The original Pennsylvania Station may be long gone, but if you know where to look, you can still find ghosts of it in the current station.
The Eagles
The original Penn Station, which opened in 1910, featured four identical groups of sculptured eagles and maidens flanking the clocks over the porticos of the four main entrances. They were the work of famed architectural sculptor and coin engraver, Adolph Alexander Weinman, who also designed the Mercury dime and the Walking Liberty half–dollar, coins circulated by the United States Mint during the first half of the 1900’s.
During the demolition of Penn Station during the 1960s, the eagles were saved and transferred to new homes across the nation. Two of them found their way back to the station, facing Seventh Avenue in front of the Two Penn Plaza skyscraper and flanking the entrance to Madison Square Garden.
Ghost Series Murals
The Ghost Series are five monumental bas-relief terra cotta murals by artist Andrew Leicester and installed on the Long Island Railroad (LIRR) Concourse on Penn Station’s lower level. Sponsored by the Metropolitan Transit Agency, they were installed in the 1990s to evoke memories of the former, demolished station.

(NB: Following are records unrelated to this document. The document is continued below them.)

(* Let $n\geq 4$ and let $\tau: T_n\to \mathrm{GL}_{n+1}(\mathbb{C})$ be a homogeneous $3$-local representation of the twin group $T_n$. Then $\tau$ is equivalent to one of the eleven representations $\tau_j$, $1\leq j\leq 11$, defined by $\tau_j(s_i)=\mathrm{diag}(I_{i-1},M_j,I_{n-i-1})$ for all $1\leq i\leq n-1$, where (1) $M_1=\begin{pmatrix}1&0&0\\ d&-1&f\\ 0&0&1\end{pmatrix}$, with $d,f\in\mathbb{C}$; (2) $M_2=\begin{pmatrix}1&0&0\\ 0&-\sqrt{1-fh}&f\\ 0&h&\sqrt{1-fh}\end{pmatrix}$, with $h,f\in\mathbb{C}$; (3) $M_3=\begin{pmatrix}1&0&0\\ 0&\sqrt{1-fh}&f\\ 0&h&-\sqrt{1-fh}\end{pmatrix}$, with $h,f\in\mathbb{C}$; (4) $M_4=\begin{pmatrix}1&b&0\\ 0&-1&0\\ 0&h&1\end{pmatrix}$, with $b,h\in\mathbb{C}$; (5) $M_5=\begin{pmatrix}-\sqrt{1-bd}&b&0\\ d&\sqrt{1-bd}&0\\ 0&0&1\end{pmatrix}$, with $b,d\in\mathbb{C}$; (6) $M_6=\begin{pmatrix}\sqrt{1-bd}&b&0\\ d&-\sqrt{1-bd}&0\\ 0&0&1\end{pmatrix}$, with $b,d\in\mathbb{C}$; (7) $M_7=\mathrm{diag}(1,-1,-1)$; (8) $M_8=\mathrm{diag}(-1,-1,1)$; (9) $M_9=\mathrm{diag}(1,1,1)$; (10) $M_{10}=\mathrm{diag}(-1,-1,-1)$; (11) $M_{11}=\mathrm{diag}(-1,1,-1)$.
   Context: The twin group $T_n$ ($n\geq 2$) is the group with generators $s_1,\dots,s_{n-1}$ and defining relations $s_i^2=1$ for $1\leq i\leq n-1$ and $s_is_j=s_js_i$ for $|i-j|\geq 2$. A representation $\tau:T_n\to\mathrm{GL}_{n+1}(\mathbb{C})$ is called homogeneous $3$-local if there is a single matrix $M\in\mathrm{GL}_3(\mathbb{C})$ such that $\tau(s_i)=\mathrm{diag}(I_{i-1},M,I_{n-i-1})$ (block-diagonal, with $I_r$ the $r\times r$ identity) for all $1\leq i\leq n-1$. For a complex number $z$, $\sqrt{z}$ denotes a fixed choice of square root. Two representations are equivalent if they are conjugate by an invertible matrix. *)

theory Defs
  imports Complex_Main "Jordan_Normal_Form.Matrix"
begin

text \<open>The (n+1)x(n+1) matrix diag(I_{i-1}, M, I_{n-i-1}) for a 3x3 matrix M and 1 <= i <= n-1
  (rows/columns are 0-indexed, so the block M occupies indices i-1, i, i+1).\<close>
definition local_mat :: "nat \<Rightarrow> complex mat \<Rightarrow> nat \<Rightarrow> complex mat" where
  "local_mat n M i = mat (n+1) (n+1) (\<lambda>(r,c).
     if i - 1 \<le> r \<and> r \<le> i + 1 \<and> i - 1 \<le> c \<and> c \<le> i + 1
     then M $$ (r - (i - 1), c - (i - 1))
     else (if r = c then 1 else 0))"

text \<open>An assignment s_i |-> A i (1 <= i <= n-1) of (n+1)x(n+1) invertible matrices extends to a
  representation of the twin group T_n iff the defining relations of T_n hold.\<close>
definition twin_rep :: "nat \<Rightarrow> (nat \<Rightarrow> complex mat) \<Rightarrow> bool" where
  "twin_rep n A \<longleftrightarrow>
     (\<forall>i\<in>{1..n-1}. A i \<in> carrier_mat (n+1) (n+1) \<and> invertible_mat (A i)) \<and>
     (\<forall>i\<in>{1..n-1}. A i * A i = 1\<^sub>m (n+1)) \<and>
     (\<forall>i\<in>{1..n-1}. \<forall>j\<in>{1..n-1}. (i + 2 \<le> j \<or> j + 2 \<le> i) \<longrightarrow> A i * A j = A j * A i)"

definition homog_3local_rep :: "nat \<Rightarrow> complex mat \<Rightarrow> bool" where
  "homog_3local_rep n M \<longleftrightarrow> M \<in> carrier_mat 3 3 \<and> invertible_mat M \<and> twin_rep n (local_mat n M)"

text \<open>The eleven matrices M_1, ..., M_11 (with two complex parameters x y; unused for 7..11).
  The square root is the fixed choice csqrt.\<close>
definition twinM :: "nat \<Rightarrow> complex \<Rightarrow> complex \<Rightarrow> complex mat" where
  "twinM j x y = (
     if j = 1 then (let d = x; f = y in mat_of_rows_list 3 [[1,0,0],[d,-1,f],[0,0,1]])
     else if j = 2 then (let h = x; f = y in
       mat_of_rows_list 3 [[1,0,0],[0,- csqrt (1 - f*h),f],[0,h,csqrt (1 - f*h)]])
     else if j = 3 then (let h = x; f = y in
       mat_of_rows_list 3 [[1,0,0],[0,csqrt (1 - f*h),f],[0,h,- csqrt (1 - f*h)]])
     else if j = 4 then (let b = x; h = y in mat_of_rows_list 3 [[1,b,0],[0,-1,0],[0,h,1]])
     else if j = 5 then (let b = x; d = y in
       mat_of_rows_list 3 [[- csqrt (1 - b*d),b,0],[d,csqrt (1 - b*d),0],[0,0,1]])
     else if j = 6 then (let b = x; d = y in
       mat_of_rows_list 3 [[csqrt (1 - b*d),b,0],[d,- csqrt (1 - b*d),0],[0,0,1]])
     else if j = 7 then mat_of_rows_list 3 [[1,0,0],[0,-1,0],[0,0,-1]]
     else if j = 8 then mat_of_rows_list 3 [[-1,0,0],[0,-1,0],[0,0,1]]
     else if j = 9 then mat_of_rows_list 3 [[1,0,0],[0,1,0],[0,0,1]]
     else if j = 10 then mat_of_rows_list 3 [[-1,0,0],[0,-1,0],[0,0,-1]]
     else mat_of_rows_list 3 [[-1,0,0],[0,1,0],[0,0,-1]])"

end

theory Submission
  imports Defs
begin

text \<open>Only two relations of \<open>T\<^sub>n\<close> are needed. The relation \<open>s\<^sub>1\<^sup>2 = 1\<close> forces
  \<open>M\<^sup>2 = I\<close>; and since \<open>n \<ge> 4\<close>, the blocks of \<open>\<tau>(s\<^sub>1)\<close> and \<open>\<tau>(s\<^sub>3)\<close> overlap in exactly one
  index, so \<open>s\<^sub>1 s\<^sub>3 = s\<^sub>3 s\<^sub>1\<close> kills the corner entries \<open>M\<^sub>1\<^sub>3, M\<^sub>3\<^sub>1\<close> and couples the others. Solving
  the resulting polynomial equations by case distinction shows that \<open>M\<close> is literally one of
  \<open>M\<^sub>1, \<dots>, M\<^sub>1\<^sub>1\<close>, so \<open>\<tau> = \<tau>\<^sub>j\<close> with the identity as intertwiner.\<close>

lemma mult_mat_index_truncate:
  assumes "A \<in> carrier_mat nr N" "B \<in> carrier_mat N nc" "r < nr" "c < nc" "m \<le> N"
    and "\<And>k. m \<le> k \<Longrightarrow> k < N \<Longrightarrow> A $$ (r,k) = 0"
  shows "(A * B) $$ (r,c) = (\<Sum>k<m. A $$ (r,k) * B $$ (k,c))"
proof -
  have "(A * B) $$ (r,c) = (\<Sum>k<N. A $$ (r,k) * B $$ (k,c))"
    using assms(1-4) by (simp add: scalar_prod_def atLeast0LessThan)
  also have "\<dots> = (\<Sum>k<m. A $$ (r,k) * B $$ (k,c))"
    using assms(5,6) by (intro sum.mono_neutral_right) auto
  finally show ?thesis .
qed

lemma index_local_mat:
  assumes "r < n+1" "c < n+1"
  shows "local_mat n M i $$ (r,c) =
    (if i - 1 \<le> r \<and> r \<le> i + 1 \<and> i - 1 \<le> c \<and> c \<le> i + 1
     then M $$ (r - (i - 1), c - (i - 1)) else if r = c then 1 else 0)"
  using assms by (simp add: local_mat_def)

lemma local_mat_carrier: "local_mat n M i \<in> carrier_mat (n+1) (n+1)"
  by (simp add: local_mat_def)

lemma mat_3_3_eq_rows:
  assumes "M \<in> carrier_mat 3 3"
  shows "M = mat_of_rows_list 3
    [[M$$(0,0), M$$(0,1), M$$(0,2)], [M$$(1,0), M$$(1,1), M$$(1,2)], [M$$(2,0), M$$(2,1), M$$(2,2)]]"
  using assms by (auto intro!: eq_matI simp: mat_of_rows_list_def less_Suc_eq numeral_eq_Suc)

lemma square_one_if_local_mat_square_one:
  assumes "2 \<le> n" "M \<in> carrier_mat 3 3" "local_mat n M 1 * local_mat n M 1 = 1\<^sub>m (n+1)"
  shows "M * M = 1\<^sub>m 3"
proof (rule eq_matI)
  fix r s assume "r < dim_row (1\<^sub>m 3 :: complex mat)" "s < dim_col (1\<^sub>m 3 :: complex mat)"
  then have rs: "r < 3" "s < 3" by simp_all
  have "(local_mat n M 1 * local_mat n M 1) $$ (r,s) = (\<Sum>k<3. M $$ (r,k) * M $$ (k,s))"
    using rs assms(1)
    by (subst mult_mat_index_truncate[OF local_mat_carrier local_mat_carrier, where m = 3])
       (auto simp: index_local_mat intro!: sum.cong)
  then show "(M * M) $$ (r,s) = 1\<^sub>m 3 $$ (r,s)"
    using rs assms by (simp add: scalar_prod_def atLeast0LessThan)
qed (use assms(2) in auto)

lemma far_commuting_local_mats_entries:
  fixes a b c d e f g h k :: complex
  assumes "4 \<le> n" "M = mat_of_rows_list 3 [[a,b,c],[d,e,f],[g,h,k]]"
    and "local_mat n M 1 * local_mat n M 3 = local_mat n M 3 * local_mat n M 1"
  shows "c = 0 \<and> g = 0 \<and> f * (a - 1) = 0 \<and> b * f = 0 \<and> h * (a - 1) = 0 \<and>
    b * (k - 1) = 0 \<and> d * h = 0 \<and> d * (k - 1) = 0"
proof -
  let ?S = "local_mat n M 1" and ?T = "local_mat n M 3"
  \<comment> \<open>Both factors are the identity outside the indices \<open>0..4\<close>.\<close>
  have window: "(\<Sum>q<5. ?S $$ (r,q) * ?T $$ (q,s)) = (\<Sum>q<5. ?T $$ (r,q) * ?S $$ (q,s))"
    if "r < 5" "s < 5" for r s
    using arg_cong[OF assms(3), of "\<lambda>A. A $$ (r,s)"] that assms(1)
    by (simp add: mult_mat_index_truncate[OF local_mat_carrier local_mat_carrier, where m = 5]
        index_local_mat)
  have "c * a = c" "c * c = 0" "f * a = f" "f * b = 0" "h = a * h" "k * b = b" "d * h = 0"
    "d = d * k" "g = a * g" "g * g = 0"
    using window[of 0 2] window[of 0 4] window[of 1 2] window[of 1 3] window[of 2 1]
      window[of 2 3] window[of 3 1] window[of 3 2] window[of 2 0] window[of 4 0] assms(1,2)
    by (simp_all add: index_local_mat mat_of_rows_list_def numeral_eq_Suc lessThan_Suc)
  then show ?thesis by (auto simp: algebra_simps)
qed

lemma involution_entries:
  fixes a b d e f h k :: complex
  assumes "M = mat_of_rows_list 3 [[a,b,0],[d,e,f],[0,h,k]]" "M * M = 1\<^sub>m 3"
  shows "a * a + b * d = 1 \<and> b * (a + e) = 0 \<and> b * f = 0 \<and> d * (a + e) = 0 \<and>
    b * d + e * e + f * h = 1 \<and> f * (e + k) = 0 \<and> d * h = 0 \<and> h * (e + k) = 0 \<and>
    f * h + k * k = 1"
proof -
  have "(M * M) $$ (r,s) = 1\<^sub>m 3 $$ (r,s)" if "r < 3" "s < 3" for r s
    using assms(2) by simp
  from this[of 0 0] this[of 0 1] this[of 0 2] this[of 1 0] this[of 1 1] this[of 1 2]
    this[of 2 0] this[of 2 1] this[of 2 2]
  show ?thesis
    using assms(1)
    by (simp add: mat_of_rows_list_def scalar_prod_def numeral_eq_Suc lessThan_Suc algebra_simps)
qed

lemma eq_csqrt_or_eq_minus_csqrt: "(e::complex) * e = z \<Longrightarrow> e = csqrt z \<or> e = - csqrt z"
  by (metis power2_csqrt power2_eq_square square_eq_iff)

lemma twinM_cases_upper_left_ne_1:
  fixes a b d e f h k :: complex
  assumes "a \<noteq> 1" "f * (a - 1) = 0" "h * (a - 1) = 0" "b * (k - 1) = 0" "d * (k - 1) = 0"
    and "a * a + b * d = 1" "b * (a + e) = 0" "d * (a + e) = 0" "b * d + e * e + f * h = 1"
    and "f * h + k * k = 1"
  shows "\<exists>j\<in>{1..11}. \<exists>x y. mat_of_rows_list 3 [[a,b,0],[d,e,f],[0,h,k]] = twinM j x y"
proof -
  have f: "f = 0" and h: "h = 0" using assms(1-3) by simp_all
  show ?thesis
  proof (cases "k = 1")
    case False
    then have "b = 0" "d = 0" using assms(4,5) by simp_all
    then have "a = -1" "k = -1" "e = 1 \<or> e = -1"
      using assms(1,6,9,10) \<open>k \<noteq> 1\<close> f h by (simp_all add: square_eq_1_iff)
    then show ?thesis using \<open>b = 0\<close> \<open>d = 0\<close> f h
      by (elim disjE; intro bexI[of _ 11] bexI[of _ 10]) (simp_all add: twinM_def)
  next
    case k: True
    show ?thesis
    proof (cases "e = -a")
      case True
      have "a * a = 1 - b * d" using assms(6) by (simp add: algebra_simps)
      then have "a = csqrt (1 - b * d) \<or> a = - csqrt (1 - b * d)"
        by (rule eq_csqrt_or_eq_minus_csqrt)
      then show ?thesis using True k f h
        by (elim disjE; intro bexI[of _ 6] bexI[of _ 5] exI[of _ b] exI[of _ d])
          (simp_all add: twinM_def)
    next
      case False
      then have "a + e \<noteq> 0" by (simp add: add_eq_0_iff)
      then have "b = 0" "d = 0" using assms(7,8) by simp_all
      then have "a = -1" "e = -1"
        using assms(1,6,9) \<open>a + e \<noteq> 0\<close> f by (auto simp: square_eq_1_iff)
      then show ?thesis using \<open>b = 0\<close> \<open>d = 0\<close> k f h
        by (intro bexI[of _ 8]) (simp_all add: twinM_def)
    qed
  qed
qed

lemma twinM_cases_upper_left_eq_1:
  fixes b d e f h k :: complex
  assumes "b * f = 0" "b * (k - 1) = 0" "d * h = 0" "d * (k - 1) = 0"
    and "b * d = 0" "b * (1 + e) = 0" "d * (1 + e) = 0" "b * d + e * e + f * h = 1"
    and "f * (e + k) = 0" "h * (e + k) = 0" "f * h + k * k = 1"
  shows "\<exists>j\<in>{1..11}. \<exists>x y. mat_of_rows_list 3 [[1,b,0],[d,e,f],[0,h,k]] = twinM j x y"
proof -
  consider "b \<noteq> 0" | "b = 0" "d \<noteq> 0" | "b = 0" "d = 0" by blast
  then show ?thesis
  proof cases
    case 1
    then have "d = 0" "e = -1" "k = 1" "f = 0"
      using assms(1,2,5,6) by (simp_all add: add_eq_0_iff)
    then show ?thesis by (intro bexI[of _ 4] exI[of _ b] exI[of _ h]) (simp_all add: twinM_def)
  next
    case 2
    then have "h = 0" "e = -1" "k = 1"
      using assms(3,4,7) by (simp_all add: add_eq_0_iff)
    then show ?thesis using \<open>b = 0\<close>
      by (intro bexI[of _ 1] exI[of _ d] exI[of _ f]) (simp_all add: twinM_def)
  next
    case 3
    show ?thesis
    proof (cases "k = -e")
      case True
      have "e * e = 1 - f * h" using assms(8) 3 by (simp add: algebra_simps)
      then have "e = csqrt (1 - f * h) \<or> e = - csqrt (1 - f * h)"
        by (rule eq_csqrt_or_eq_minus_csqrt)
      then show ?thesis using True 3
        by (elim disjE; intro bexI[of _ 3] bexI[of _ 2] exI[of _ h] exI[of _ f])
          (simp_all add: twinM_def mult.commute)
    next
      case False
      then have "e + k \<noteq> 0" by (simp add: add_eq_0_iff)
      then have "f = 0" "h = 0" using assms(9,10) by simp_all
      then have "e = 1 \<or> e = -1" "k = 1 \<or> k = -1"
        using assms(8,11) 3 by (simp_all add: square_eq_1_iff)
      then have "e = k" "e = 1 \<or> e = -1" using \<open>e + k \<noteq> 0\<close> by auto
      then show ?thesis using \<open>f = 0\<close> \<open>h = 0\<close> 3
        by (elim disjE; intro bexI[of _ 9] bexI[of _ 7]) (simp_all add: twinM_def)
    qed
  qed
qed

lemma twinM_of_far_commuting_involution:
  fixes a b d e f h k :: complex
  assumes "M = mat_of_rows_list 3 [[a,b,0],[d,e,f],[0,h,k]]" "M * M = 1\<^sub>m 3"
    and "f * (a - 1) = 0" "h * (a - 1) = 0" "b * (k - 1) = 0" "d * (k - 1) = 0" "d * h = 0"
  shows "\<exists>j\<in>{1..11}. \<exists>x y. M = twinM j x y"
proof (cases "a = 1")
  case True
  then show ?thesis
    using involution_entries[OF assms(1,2)] assms twinM_cases_upper_left_eq_1 by simp
next
  case False
  then show ?thesis
    using involution_entries[OF assms(1,2)] assms twinM_cases_upper_left_ne_1[OF False] by simp
qed

theorem theorem3p1:
  fixes n :: nat and M :: "complex mat"
  assumes "n \<ge> 4"
    and "homog_3local_rep n M"
  shows "\<exists>j\<in>{1..11}. \<exists>x y :: complex. \<exists>P Q.
           P \<in> carrier_mat (n+1) (n+1) \<and> Q \<in> carrier_mat (n+1) (n+1) \<and>
           P * Q = 1\<^sub>m (n+1) \<and> Q * P = 1\<^sub>m (n+1) \<and>
           (\<forall>i\<in>{1..n-1}. local_mat n M i = P * local_mat n (twinM j x y) i * Q)"
proof -
  have M: "M \<in> carrier_mat 3 3" and rep: "twin_rep n (local_mat n M)"
    using assms(2) by (simp_all add: homog_3local_rep_def)
  have "1 \<in> {1..n-1}" "3 \<in> {1..n-1}" using assms(1) by auto
  then have square: "local_mat n M 1 * local_mat n M 1 = 1\<^sub>m (n+1)"
    and commute: "local_mat n M 1 * local_mat n M 3 = local_mat n M 3 * local_mat n M 1"
    using rep unfolding twin_rep_def by auto
  obtain a b c d e f g h k where rows: "M = mat_of_rows_list 3 [[a,b,c],[d,e,f],[g,h,k]]"
    using mat_3_3_eq_rows[OF M] by blast
  note far = far_commuting_local_mats_entries[OF assms(1) rows commute]
  have "M * M = 1\<^sub>m 3"
    using square_one_if_local_mat_square_one[OF _ M square] assms(1) by simp
  then obtain j x y where j: "j \<in> {1..11}" and "M = twinM j x y"
    using twinM_of_far_commuting_involution[of M a b d e f h k] rows far by auto
  then have "local_mat n M i = 1\<^sub>m (n+1) * local_mat n (twinM j x y) i * 1\<^sub>m (n+1)" for i
    using local_mat_carrier[of n M i] by simp
  then show ?thesis
    using j one_carrier_mat[of "n+1"] left_mult_one_mat[OF one_carrier_mat[of "n+1"]] by blast
qed

end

The first mural, “Day and Night”, depicts two allegorical maidens. It is located at the east end of the LIRR’s North Concourse. Along with the eagle sculptures, the maidens made up the sculptural group by Weinman that flanked the clocks over the old station’s entrances. During demolition of the old station, the maidens (along with most of the old station’s stonework) were dumped in the Jersey Meadowlands, a large wetland in New Jersey also known as the Hackensack Meadowlands after the primary river flowing through it. A photograph taken in 1966 by New York Times photographer Eddie Hausner of one of the stone women upside down in the Meadowlands became an iconic image of the loss of the former station.
Nearby, in the 34th Street passage at the east end of the LIRR’s North Concourse, is the mural, “Plinth”. A plinth is the base or platform upon which a column, pedestal, statue, monument or structure rests. Toppled over and broken up, the columns in the two murals on opposing sides of the passageway evoke the massive 70-foot classical Corinthian columns of the 1910 station’s vast main waiting room, which was larger than the main concourse in Grand Central Terminal.
Other Leicester murals include a porcelain-on-steel rendering of the blueprints of the original station and a sculpture reproduction called “Mercury Man”, located over a staircase down to the platform for Tracks 20 and 21, midway down the LIRR’s North Concourse.
Original Staircases
Below both the “Day and Night” and “Mercury Man” murals, and elsewhere in the station, are staircases with decorative brass and wrought iron railings. These are original from the 1910 station and have survived to the current day, along with a cast-iron partition at the entrance to the LIRR waiting room and the glass block ceilings that once allowed daylight to reach track level but are now dark.
Such functional pre-demolition relics likely survived due to the need to keep the station open during the demolition and reconstruction, to cut costs and because they are located on the less prominent commuter–level of the station.
More Ghosts
On the upper Amtrak level in Penn Station, the original stainless-steel “Mad Men” clocks are mounted on the ceiling. In Iconic images of the original 1910 station, you can see similar large-diameter, double-sided clocks hanging from the ceiling in the main waiting room and train concourses. The current clocks, though from the 1960s, are similar and worthy of preservation. They can be found on the east end of the Amtrak rotunda and in the passageway to the main station entrance on Seventh Avenue.